A baby boy was born to a young Bnei Brak couple. When the mohel, ritual circumcisor, came to examine the infant before the Bris, he was concerned with the baby’s color. A doctor was called to further examine the child and, after a battery of tests, discovered that the infant was suffering from a serious heart ailment that required surgery. The problem was that the surgeon was in Boston, and the doctor in Eretz Yisrael felt that the infant would not survive the trip. What does one do? The young father went to Horav Aharon Leib Shteinman, zl, to seek his counsel. Rav Shteinman told him to make arrangements for the trip, and he gave his blessing for a refuah sheleimah. Three months later, the child had sufficiently recuperated that he could now have his delayed bris. The young father once again returned to Rav Shteinman; this time, however, it was to request his presence at the Bris and ask that he accept the honor of being sandek, holding the infant during the ritual. Rav Shteinman replied: “You came to me originally the night before the Bris (three months prior). Surely one of the grandfathers or someone close to you had already been asked to be the designated sandek. This person has been waiting anxiously for three months for the infant to recuperate. He has been looking forward to this Bris for three months. Now, I should come along and take away his honor? Absolutely not.”

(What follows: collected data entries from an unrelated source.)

(* Let $\alpha=\frac{r}{s}+k\sqrt{p/q}$ be a positive irrational, where $r\in\mathbb Z$, $p,q,s\in\mathbb N$, $k\in\{-1,1\}$, $s$ even, $\gcd(r,s)=1$, $\gcd(p,q)=1$. Let $d_1=\gcd(ps^2-qr^2,2qs)$, $N=\frac{pqs^4}{d_1^2}$ and $M=\frac{4pqs^4}{d_1^2}$. For $A\in GL(2,\mathbb Z)$, $\pi(A)$ restricts to an isometric automorphism of $\mathcal A_\alpha$ if and only if $A=T^n$ for some $n\in\mathbb Z$, where $T$ is as follows: (1) if $d_1\mid qs$ and $x^2-Ny^2=-1$ has no integer solution, $T=\begin{bmatrix} -\frac{qrs}{d_1}y_1+x_1 & \frac{qs^2}{d_1}y_1\\ \frac{ps^2-qr^2}{d_1}y_1 & \frac{qrs}{d_1}y_1+x_1\end{bmatrix}$ with $(x_1,y_1)$ the fundamental solution of $x^2-Ny^2=1$; (2) if $d_1\mid qs$ and $x^2-Ny^2=-1$ has an integer solution, $T=\begin{bmatrix} -\frac{qrs}{d_1}ky_1'+x_1' & \frac{qs^2}{d_1}ky_1'\\ \frac{ps^2-qr^2}{d_1}ky_1' & \frac{qrs}{d_1}ky_1'+x_1'\end{bmatrix}$ with $(x_1',y_1')$ the fundamental solution of $x^2-Ny^2=-1$; (3) if $d_1\nmid qs$ and $x^2-My^2=-4$ has no integer solution, $T=\begin{bmatrix} -\frac{qrs}{d_1}y_1+\frac{x_1}{2} & \frac{qs^2}{d_1}y_1\\ \frac{ps^2-qr^2}{d_1}y_1 & \frac{qrs}{d_1}y_1+\frac{x_1}{2}\end{bmatrix}$ with $(x_1,y_1)$ the fundamental solution of $x^2-My^2=4$; (4) if $d_1\nmid qs$ and $x^2-My^2=-4$ has an integer solution, $T=\begin{bmatrix} -\frac{qrs}{d_1}ky_1'+\frac{x_1'}{2} & \frac{qs^2}{d_1}ky_1'\\ \frac{ps^2-qr^2}{d_1}ky_1' & \frac{qrs}{d_1}ky_1'+\frac{x_1'}{2}\end{bmatrix}$ with $(x_1',y_1')$ the fundamental solution of $x^2-My^2=-4$. (In cases (1),(2), $N$ is a positive nonsquare integer; in cases (3),(4), $M$ is a positive nonsquare integer.)
   Context: For a positive irrational $\alpha$, $\mathcal A_\alpha=\{f\in C(\mathbb T^2): \hat f(m,n)=0 \text{ whenever } m+\alpha n<0\}$ ($\mathbb T$ the unit circle, $\hat f$ the Fourier transform on $\mathbb Z^2$), a uniform algebra with the sup norm. For $A=\begin{bmatrix} a&b\\ c&d\end{bmatrix}\in GL(2,\mathbb Z)$, $\pi(A)(f)=f\circ\varphi$ with $\varphi(z,w)=(z^aw^b,z^cw^d)$. For a positive nonsquare integer $N$ and $e\in\{1,-1,4,-4\}$, the fundamental solution of $x^2-Ny^2=e$ (when a solution in positive integers exists) is the solution $(x_1,y_1)$ in positive integers with $x_1$ smallest. *)

theory Defs
  imports "HOL-Analysis.Analysis"
begin

definition torus :: "(complex \<times> complex) set" where
  "torus = {(z, w). cmod z = 1 \<and> cmod w = 1}"

definition fourier2 :: "(complex \<times> complex \<Rightarrow> complex) \<Rightarrow> int \<Rightarrow> int \<Rightarrow> complex" where
  "fourier2 f m n =
     integral (cbox ((0::real), (0::real)) (2 * pi, 2 * pi))
       (\<lambda>x. f (cis (fst x), cis (snd x)) * cis (- (of_int m * fst x + of_int n * snd x)))
     / (4 * of_real (pi ^ 2))"

definition A_alpha :: "real \<Rightarrow> (complex \<times> complex \<Rightarrow> complex) set" where
  "A_alpha \<alpha> = {f. f \<in> extensional torus \<and> continuous_on torus f \<and>
       (\<forall>m n. real_of_int m + \<alpha> * real_of_int n < 0 \<longrightarrow> fourier2 f m n = 0)}"

definition sup_norm :: "(complex \<times> complex \<Rightarrow> complex) \<Rightarrow> real" where
  "sup_norm f = Sup ((\<lambda>x. cmod (f x)) ` torus)"

definition phiA :: "int^2^2 \<Rightarrow> complex \<times> complex \<Rightarrow> complex \<times> complex" where
  "phiA A = (\<lambda>(z, w). (z powi (A$1$1) * w powi (A$1$2), z powi (A$2$1) * w powi (A$2$2)))"

definition piA :: "int^2^2 \<Rightarrow> (complex \<times> complex \<Rightarrow> complex) \<Rightarrow> (complex \<times> complex \<Rightarrow> complex)" where
  "piA A f = restrict (f \<circ> phiA A) torus"

definition GL2Z :: "(int^2^2) set" where
  "GL2Z = {A. \<bar>det A\<bar> = 1}"

definition isometric_automorphism :: "real \<Rightarrow> int^2^2 \<Rightarrow> bool" where
  "isometric_automorphism \<alpha> A \<longleftrightarrow>
     bij_betw (piA A) (A_alpha \<alpha>) (A_alpha \<alpha>) \<and>
     (\<forall>f\<in>A_alpha \<alpha>. sup_norm (piA A f) = sup_norm f)"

Horav Meir Karelitz, zl, married off his daughter to Horav Zalmen Rotberg, zl, who was Rosh Yeshivah of Bais Meir in Bnei Brak. A few minutes prior to the chuppah, Rav Meir approached Rebbetzin Greineman (who was Rav Meir’s niece) and asked her to walk down his daughter, the kallah, bride (rather than Rebbetzin Karelitz, the kallah’s mother), down the aisle. The Rebbetzin was surprised, but, knowing her uncle, she understood that there was a special reason for the sudden change in procedure. She asked her aunt, Rebbetzin Karelitz, for an explanation. The response was, “I will explain after the chuppah.” It troubled her, especially since she was younger than the kallah.

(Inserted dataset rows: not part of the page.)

section \<open>Structures and individualisation\<close>

text \<open>In a connected structure with at least two elements every element occurs in some tuple.\<close>

lemma card_univ_le_ssize:
  assumes "finite Sig" and "is_struct Sig ar D" and "connected_struct D"
  shows "card (univ D) \<le> 1 + ssize Sig D * (\<Sum>R\<in>Sig. ar R)"
proof (cases "card (univ D) \<le> 1")
  case False
  let ?M = "\<Sum>R\<in>Sig. ar R"
  have rel_sub: "rel D R \<subseteq> {t. length t = ar R \<and> set t \<subseteq> univ D}"
    and rel_empty: "R \<notin> Sig \<Longrightarrow> rel D R = {}" for R
    using assms(2) unfolding is_struct_def by blast+
  have fin_rel: "finite (rel D R)" for R
  proof (rule finite_subset[OF rel_sub])
    show "finite {t. length t = ar R \<and> set t \<subseteq> univ D}"
      using assms(2) finite_lists_length_eq[of "univ D" "ar R"]
      unfolding is_struct_def by (simp add: conj_commute)
  qed
  have "univ D \<subseteq> (\<Union>R\<in>Sig. \<Union>t\<in>rel D R. set t)"
  proof
    fix x assume x: "x \<in> univ D"
    have "\<not> univ D \<subseteq> {x}" using False card_mono[of "{x}" "univ D"] by auto
    then obtain y where y: "y \<in> univ D" "y \<noteq> x" by blast
    then have "(x, y) \<in> (gaifman D)\<^sup>*" using assms(3) x unfolding connected_struct_def by blast
    then obtain z where "(x, z) \<in> gaifman D"
      using y(2) by (auto elim: converse_rtranclE)
    then obtain R t where "t \<in> rel D R" "x \<in> set t" unfolding gaifman_def by blast
    then show "x \<in> (\<Union>R\<in>Sig. \<Union>t\<in>rel D R. set t)" using rel_empty by blast
  qed
  then have "card (univ D) \<le> card (\<Union>R\<in>Sig. \<Union>t\<in>rel D R. set t)"
    using assms(1) fin_rel by (intro card_mono) auto
  also have "\<dots> \<le> (\<Sum>R\<in>Sig. \<Sum>t\<in>rel D R. card (set t))"
    using assms(1) by (intro order_trans[OF card_UN_le] sum_mono card_UN_le fin_rel)
  also have "\<dots> \<le> (\<Sum>R\<in>Sig. card (rel D R) * ?M)"
  proof (intro sum_mono)
    fix R assume R: "R \<in> Sig"
    have "card (set t) \<le> ?M" if "t \<in> rel D R" for t
      using card_length[of t] rel_sub that member_le_sum[OF R _ assms(1), of ar] by fastforce
    then show "(\<Sum>t\<in>rel D R. card (set t)) \<le> card (rel D R) * ?M"
      using sum_bounded_above[of "rel D R" "\<lambda>t. card (set t)" ?M] by simp
  qed
  also have "\<dots> = ssize Sig D * ?M" unfolding ssize_def by (simp add: sum_distrib_right)
  finally show ?thesis by simp
qed simp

Following the chuppah, Rav Meir came over to his niece and explained his actions: “The chassan is an extraordinary young man, both in his erudition and character refinement. Sadly, both of his parents were murdered during the Holocaust. If he were to see his kallah walking down to the chuppah accompanied by both of her parents, it would be disconcerting for him. Why cause a young man to be sad on his way to the chuppah? In my desire to somewhat alleviate his pain, I asked you to walk down the kallah, so that she, too, would not walk down with her parents.”

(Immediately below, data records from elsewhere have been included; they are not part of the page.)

lemma poly_mat_smult: "poly_mat (Polynomial.smult c p) N = mat c ** poly_mat p N"
proof (induct p)
  case (pCons a p)
  have "poly_mat (Polynomial.smult c (pCons a p)) N = mat (c * a) + N ** (mat c ** poly_mat p N)"
    by (simp add: poly_mat_pCons pCons)
  also have "\<dots> = mat c ** (mat a + N ** poly_mat p N)"
    by (simp add: matrix_add_ldistrib matrix_mul_mat_mat matrix_mul_assoc
        matrix_mul_mat_commute[of c N])
  finally show ?case by (simp add: poly_mat_pCons)
qed simp

lemma poly_mat_mult: "poly_mat (p * q) N = poly_mat p N ** poly_mat q N"
proof (induct p)
  case (pCons a p)
  have "poly_mat (pCons a p * q) N = mat a ** poly_mat q N + N ** (poly_mat p N ** poly_mat q N)"
    by (simp add: poly_mat_add poly_mat_smult poly_mat_pCons pCons)
  also have "\<dots> = (mat a + N ** poly_mat p N) ** poly_mat q N"
    by (simp add: matrix_add_rdistrib matrix_mul_assoc)
  finally show ?case by (simp add: poly_mat_pCons)
qed simp

lemma poly_mat_const: "poly_mat [:c:] N = mat c"
  by (simp add: poly_mat_pCons)

lemma poly_mat_1: "poly_mat 1 N = mat 1"
  by (simp add: poly_mat_pCons one_pCons)

lemma poly_mat_X: "poly_mat [:0, 1:] N = N"
  by (simp add: poly_mat_pCons)

lemma poly_mat_power: "poly_mat (p ^ k) N = mat_pow (poly_mat p N) k"
  by (induct k) (simp_all add: poly_mat_1 poly_mat_mult)

lemma poly_mat_diff: "poly_mat (p - q) N = poly_mat p N - poly_mat q N"
  using poly_mat_add[of "p - q" q N] by (simp add: algebra_simps)

section \<open>Exponents of unipotent roots\<close>

lemma one_plus_power_minus_one_eq:
  "\<exists>h. (1 + x) ^ n - 1 = x * (of_nat n + x * (h::'a::comm_ring_1))"
proof (induct n)
  case (Suc n)
  then obtain h where h: "(1 + x) ^ n - 1 = x * (of_nat n + x * h)" by blast
  have "(1 + x) ^ Suc n - 1 = (1 + x) * ((1 + x) ^ n - 1) + x"
    by (simp add: algebra_simps)
  also have "\<dots> = x * (of_nat (Suc n) + x * (h + of_nat n + x * h))"
    unfolding h by (simp add: algebra_simps)
  finally show ?case by blast
qed (intro exI[of _ 0], simp)

lemma power_add_mult_eq: "\<exists>q. (a + x * (h::'a::comm_ring_1)) ^ s = a ^ s + x * q"
proof (induct s)
  case (Suc s)
  then obtain q where q: "(a + x * h) ^ s = a ^ s + x * q" by blast
  have "(a + x * h) ^ Suc s = (a + x * h) * (a ^ s + x * q)"
    by (simp only: power_Suc q)
  also have "\<dots> = a ^ Suc s + x * (a ^ s * h + q * a + x * q * h)"
    by (simp add: algebra_simps)
  finally show ?case by blast
qed (intro exI[of _ 0], simp)

(* (1 + X)^n - 1 = X (n + X h) in the polynomial ring, evaluated at N where X^(s+1) vanishes. *)
lemma one_plus_nilpotent_power_minus_one:
  fixes N :: "'a::comm_ring_1^'n^'n"
  assumes N: "mat_pow N (Suc s) = 0"
  shows "mat_pow (mat_pow (mat 1 + N) n - mat 1) s = mat (of_nat n ^ s) ** mat_pow N s"
    and "mat_pow (mat_pow (mat 1 + N) n - mat 1) (Suc s) = 0"
proof -
  let ?X = "[:0, 1:] :: 'a poly"
  obtain h where h: "(1 + ?X) ^ n - 1 = ?X * (of_nat n + ?X * h)"
    using one_plus_power_minus_one_eq by blast
  obtain q where q: "(of_nat n + ?X * h) ^ s = of_nat n ^ s + ?X * q"
    using power_add_mult_eq by blast
  have M: "mat_pow (mat 1 + N) n - mat 1 = poly_mat ((1 + ?X) ^ n - 1) N"
    by (simp add: poly_mat_diff poly_mat_power poly_mat_add poly_mat_1 poly_mat_X)
  have "((1 + ?X) ^ n - 1) ^ s = [:of_nat n ^ s:] * ?X ^ s + ?X ^ Suc s * q"
    unfolding h power_mult_distrib q
    by (simp add: algebra_simps of_nat_poly Polynomial.poly_const_pow)
  then have "mat_pow (mat_pow (mat 1 + N) n - mat 1) s
      = mat (of_nat n ^ s) ** mat_pow N s + mat_pow N (Suc s) ** poly_mat q N"
    unfolding M poly_mat_power[symmetric]
    by (simp only: poly_mat_add poly_mat_mult poly_mat_const poly_mat_power poly_mat_X)
  then show "mat_pow (mat_pow (mat 1 + N) n - mat 1) s = mat (of_nat n ^ s) ** mat_pow N s"
    using N by simp
  have "((1 + ?X) ^ n - 1) ^ Suc s = ?X ^ Suc s * (of_nat n + ?X * h) ^ Suc s"
    unfolding h power_mult_distrib ..
  then have "mat_pow (mat_pow (mat 1 + N) n - mat 1) (Suc s)
      = mat_pow N (Suc s) ** poly_mat ((of_nat n + ?X * h) ^ Suc s) N"
    unfolding M poly_mat_power[symmetric] by (simp only: poly_mat_mult poly_mat_power poly_mat_X)
  then show "mat_pow (mat_pow (mat 1 + N) n - mat 1) (Suc s) = 0"
    using N by simp
qed

(* If N^s is nonzero but N^(s+1) = 0, then M^s = n^s N^s has an entry of modulus at least n. *)
lemma exponent_le_of_unipotent_root:
  fixes M N :: "int^'n^'n"
  assumes N: "mat_pow N CARD('n) = 0"
    and M: "mat_pow (mat 1 + N) n = mat 1 + M"
    and "M \<noteq> 0"
  shows "int n \<le> (\<Sum>s<CARD('n). \<Sum>a\<in>UNIV. \<Sum>b\<in>UNIV. \<bar>mat_pow M s $ a $ b\<bar>)"
proof -
  have M_eq: "M = mat_pow (mat 1 + N) n - mat 1"
    using M by simp
  have N': "mat_pow N (Suc (CARD('n) - 1)) = 0"
    using N by simp
  define s where "s = (LEAST s. mat_pow N (Suc s) = 0)"
  have Ns: "mat_pow N (Suc s) = 0"
    unfolding s_def by (rule LeastI[where P = "\<lambda>s. mat_pow N (Suc s) = 0", OF N'])
  have "s \<le> CARD('n) - 1"
    unfolding s_def by (rule Least_le[where P = "\<lambda>s. mat_pow N (Suc s) = 0", OF N'])
  then have "s < CARD('n)"
    using zero_less_card_finite[where 'a = 'n] by linarith
  have "s \<noteq> 0"
  proof
    assume "s = 0"
    then show False
      using one_plus_nilpotent_power_minus_one(2)[OF Ns, of n] M_eq \<open>M \<noteq> 0\<close> by simp
  qed
  have "mat_pow N s \<noteq> 0"
    using \<open>s \<noteq> 0\<close> not_less_Least[of "s - 1" "\<lambda>s. mat_pow N (Suc s) = 0"] by (simp add: s_def)
  then obtain a b where "mat_pow N s $ a $ b \<noteq> 0"
    by (metis Finite_Cartesian_Product.vec_eq_iff zero_index)
  then have entry: "1 \<le> \<bar>mat_pow N s $ a $ b\<bar>"
    by linarith
  have Ms: "mat_pow M s $ a $ b = int n ^ s * mat_pow N s $ a $ b"
    using one_plus_nilpotent_power_minus_one(1)[OF Ns, of n] M_eq
    by (simp add: matrix_mul_mat_left_entry)
  have "int n \<le> int n ^ s"
    using \<open>s \<noteq> 0\<close> by (cases "n = 0") (simp_all add: self_le_power)
  also have "\<dots> \<le> \<bar>int n ^ s * mat_pow N s $ a $ b\<bar>"
    using entry by (simp add: abs_mult mult_le_cancel_left1)
  also have "\<dots> \<le> (\<Sum>b\<in>UNIV. \<bar>mat_pow M s $ a $ b\<bar>)"
    unfolding Ms[symmetric] by (rule member_le_sum) auto
  also have "\<dots> \<le> (\<Sum>a\<in>UNIV. \<Sum>b\<in>UNIV. \<bar>mat_pow M s $ a $ b\<bar>)"
    by (rule member_le_sum[where i = a]) (auto intro: sum_nonneg)
  also have "\<dots> \<le> (\<Sum>s<CARD('n). \<Sum>a\<in>UNIV. \<Sum>b\<in>UNIV. \<bar>mat_pow M s $ a $ b\<bar>)"
    using \<open>s < CARD('n)\<close> by (intro member_le_sum[where i = s]) (auto intro: sum_nonneg)
  finally show ?thesis .
qed

definition unipotent :: "'a::ring_1^'n^'n \<Rightarrow> bool" where
  "unipotent V \<longleftrightarrow> mat_pow (V - mat 1) CARD('n) = 0"

lemma finite_exponents_of_unipotent_roots:
  fixes U :: "int^'n^'n"
  assumes "U \<noteq> mat 1"
  shows "finite {n. \<exists>V. unipotent V \<and> mat_pow V n = U}"
proof -
  define C where "C = (\<Sum>s<CARD('n). \<Sum>a\<in>UNIV. \<Sum>b\<in>UNIV. \<bar>mat_pow (U - mat 1) s $ a $ b\<bar>)"
  have "{n. \<exists>V. unipotent V \<and> mat_pow V n = U} \<subseteq> {..nat C}"
  proof
    fix n assume "n \<in> {n. \<exists>V. unipotent V \<and> mat_pow V n = U}"
    then obtain V where "unipotent V" "mat_pow V n = U" by blast
    then have "int n \<le> C"
      unfolding C_def using assms
      by (intro exponent_le_of_unipotent_root[of "V - mat 1"]) (auto simp: unipotent_def)
    then show "n \<in> {..nat C}" by simp
  qed
  then show ?thesis
    by (rule finite_subset) simp
qed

This, in and of itself, is a testament to Rav Meir’s extraordinary sensitivity, but the story continues. When Rav Meir’s son, Rav Chaim Shaul, went to the chuppah, Rav Meir once again asked his niece to do the honors and walk the kallah down. This time, she was especially taken aback, since, Baruch Hashem, the chassan had both living parents in attendance. Rav Meir explained, “I am doing this not to cause my daughter (Rebbetzin Rotberg) undue agitation over the fact that her mother did not walk her down to the chuppah, yet walked her future sister-in-law down.” Another person’s feelings played a primary role in Rav Meir’s life.